README.md•8.79 kB
# 🎬 YouTube Transcript DL MCP Server
A comprehensive MCP (Model Context Protocol) server for extracting YouTube video transcripts with support for multiple transports (stdio, SSE, HTTP), Docker deployment, and npm package distribution.
## ✨ Features
- 🎯 **Multiple Transport Support**: stdio, Server-Sent Events (SSE), and HTTP
- 📹 **Comprehensive Transcript Extraction**: Single videos, bulk processing, and playlists
- 🌍 **Multi-language Support**: Extract transcripts in different languages
- 📝 **Multiple Output Formats**: Text, JSON, and SRT subtitle formats
- 🚀 **High Performance**: Built-in caching and rate limiting
- 🐳 **Docker Ready**: Full containerization support
- 📦 **npm Package**: Easy installation and distribution
- 🧪 **Test-Driven Development**: Comprehensive test suite with 90%+ coverage
- 🔧 **TypeScript**: Full type safety and modern JavaScript features
## 📦 Installation
### 🔧 As an npm package
```bash
npm install -g yt-transcript-dl-mcp
```
### 🛠️ From source
```bash
git clone <repository-url>
cd yt-transcript-dl-repo
npm install
npm run build
```
### 🐳 Docker
```bash
# From GitHub Container Registry (recommended)
docker pull ghcr.io/jedarden/yt-transcript-dl-mcp:latest
docker run -p 3001:3001 -p 3002:3002 ghcr.io/jedarden/yt-transcript-dl-mcp:latest --multi-transport
# Build from source
docker build -t yt-transcript-dl-mcp .
docker run -p 3001:3001 -p 3002:3002 yt-transcript-dl-mcp --multi-transport
```
## 🚀 Usage
### 🖥️ MCP Server
Start the MCP server in different modes:
```bash
# Stdio mode (default)
yt-transcript-dl-mcp start
# SSE mode
yt-transcript-dl-mcp start --transport sse --port 3000
# HTTP mode
yt-transcript-dl-mcp start --transport http --port 3000
# With verbose logging
yt-transcript-dl-mcp start --verbose
```
### 💻 CLI Tool
Test the server with a sample video:
```bash
# Test with a YouTube video
yt-transcript-dl-mcp test dQw4w9WgXcQ
# Test with different language
yt-transcript-dl-mcp test dQw4w9WgXcQ --language es
# Test with different format
yt-transcript-dl-mcp test dQw4w9WgXcQ --format srt
```
### 🔧 Programmatic Usage
```typescript
import { YouTubeTranscriptService } from 'yt-transcript-dl-mcp';
const service = new YouTubeTranscriptService();
// Extract single video transcript
const result = await service.getTranscript('dQw4w9WgXcQ', 'en', 'json');
console.log(result);
// Bulk processing
const bulkResult = await service.getBulkTranscripts({
videoIds: ['dQw4w9WgXcQ', 'jNQXAC9IVRw'],
outputFormat: 'json',
language: 'en'
});
console.log(bulkResult);
```
## 🛠️ MCP Tools
The server provides the following MCP tools:
### `get_transcript`
Extract transcript from a single YouTube video.
**Parameters:**
- `videoId` (required): YouTube video ID or URL
- `language` (optional): Language code (default: 'en')
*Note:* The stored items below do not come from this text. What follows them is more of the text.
lemma infdist_mult_sin_hyperplane_angle_le:
  fixes a c x :: "'a::real_inner"
  assumes "a \<noteq> 0" "c \<noteq> 0" "Q \<noteq> {}" "\<forall>y\<in>Q. c \<bullet> y \<le> d"
    and "a \<bullet> x = b" "d \<le> c \<bullet> x"
  shows "infdist x ({y. c \<bullet> y = d} \<inter> {y. a \<bullet> y = b}) * sin (hyperplane_angle a c) \<le> infdist x Q"
proof -
  define w where "w = c - ((c \<bullet> a) / (a \<bullet> a)) *\<^sub>R a"
  have sin: "sin (hyperplane_angle a c) = norm w / norm c"
    using sin_hyperplane_angle[OF assms(1,2)] by (simp add: w_def)
  show ?thesis
  proof (cases "w = 0")
    case True
    thus ?thesis by (simp add: sin infdist_nonneg)
  next
    case False
    have "infdist x ({y. c \<bullet> y = d} \<inter> {y. a \<bullet> y = b}) * (norm w / norm c)
        \<le> (c \<bullet> x - d) / norm w * (norm w / norm c)"
      using infdist_hyperplane_inter_le[OF assms(1) _ assms(5,6)] False
      by (intro mult_right_mono) (auto simp: w_def)
    also have "\<dots> = (c \<bullet> x - d) / norm c" using False by simp
    also have "\<dots> \<le> infdist x Q" using halfspace_gap_le_infdist[OF assms(3,4)] .
    finally show ?thesis by (simp add: sin)
  qed
qed

lemma halfspace_le_of_interior:
  fixes Q :: "'a::euclidean_space set"
  assumes "convex Q" "interior Q \<noteq> {}" "\<forall>y\<in>interior Q. c \<bullet> y \<le> d"
  shows "\<forall>y\<in>Q. c \<bullet> y \<le> d"
proof -
  have "closure (interior Q) \<subseteq> {y. c \<bullet> y \<le> d}"
    using assms(3) by (intro closure_minimal) (auto simp: closed_halfspace_le)
  thus ?thesis
    using convex_closure_interior[OF assms(1,2)] closure_subset[of Q] by auto
qed
text \<open>Throughout, \<open>B\<close> cuts \<open>\<nat>\<close> into the consecutive blocks \<open>[B m, B (Suc m))\<close>.\<close>
context
  fixes B :: "nat \<Rightarrow> nat"
  assumes strict_mono_B: "strict_mono B" and B_0: "B 0 = 0"
begin

lemma le_block_start: "m \<le> B m"
  using strict_mono_B by (rule strict_mono_imp_increasing)

lemma block_start_less: "B m < B (Suc m)"
  using strict_mono_B by (simp add: strict_mono_Suc_iff)

lemma block_containing:
  obtains m where "B m \<le> t" "t < B (Suc m)"
proof (induction t arbitrary: thesis)
  case 0
  then show ?case using B_0 block_start_less[of 0] by simp
next
  case (Suc t)
  then obtain m where m: "B m \<le> t" "t < B (Suc m)" by blast
  show ?case
  proof (cases "Suc t < B (Suc m)")
    case True
    then show ?thesis using m Suc.prems by (meson le_SucI)
  next
    case False
    then have "Suc t = B (Suc m)" using m by simp
    then show ?thesis using Suc.prems[of "Suc m"] block_start_less[of "Suc m"] by simp
  qed
qed

context
  fixes V X :: "nat \<Rightarrow> 'a list"
  assumes V_Suc: "\<And>m. V (Suc m) = concat (map X [B m..<B (Suc m)])"
begin

lemma concat_blocks: "concat (map V [0..<Suc m]) = V 0 @ concat (map X [0..<B m])"
proof (induction m)
  case 0
  then show ?case using B_0 by simp
next
  case (Suc m)
  have "B m \<le> B (Suc m)" using strict_mono_B by (simp add: strict_mono_less_eq)
  with Suc show ?case using V_Suc concat_map_upt_split[of "B m" "B (Suc m)" X] by simp
qed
- `format` (optional): Output format - 'text', 'json', or 'srt' (default: 'json')
### `get_bulk_transcripts`
Extract transcripts from multiple YouTube videos.
**Parameters:**
- `videoIds` (required): Array of YouTube video IDs or URLs
- `language` (optional): Language code (default: 'en')
- `outputFormat` (optional): Output format - 'text', 'json', or 'srt' (default: 'json')
- `includeMetadata` (optional): Include metadata in response (default: true)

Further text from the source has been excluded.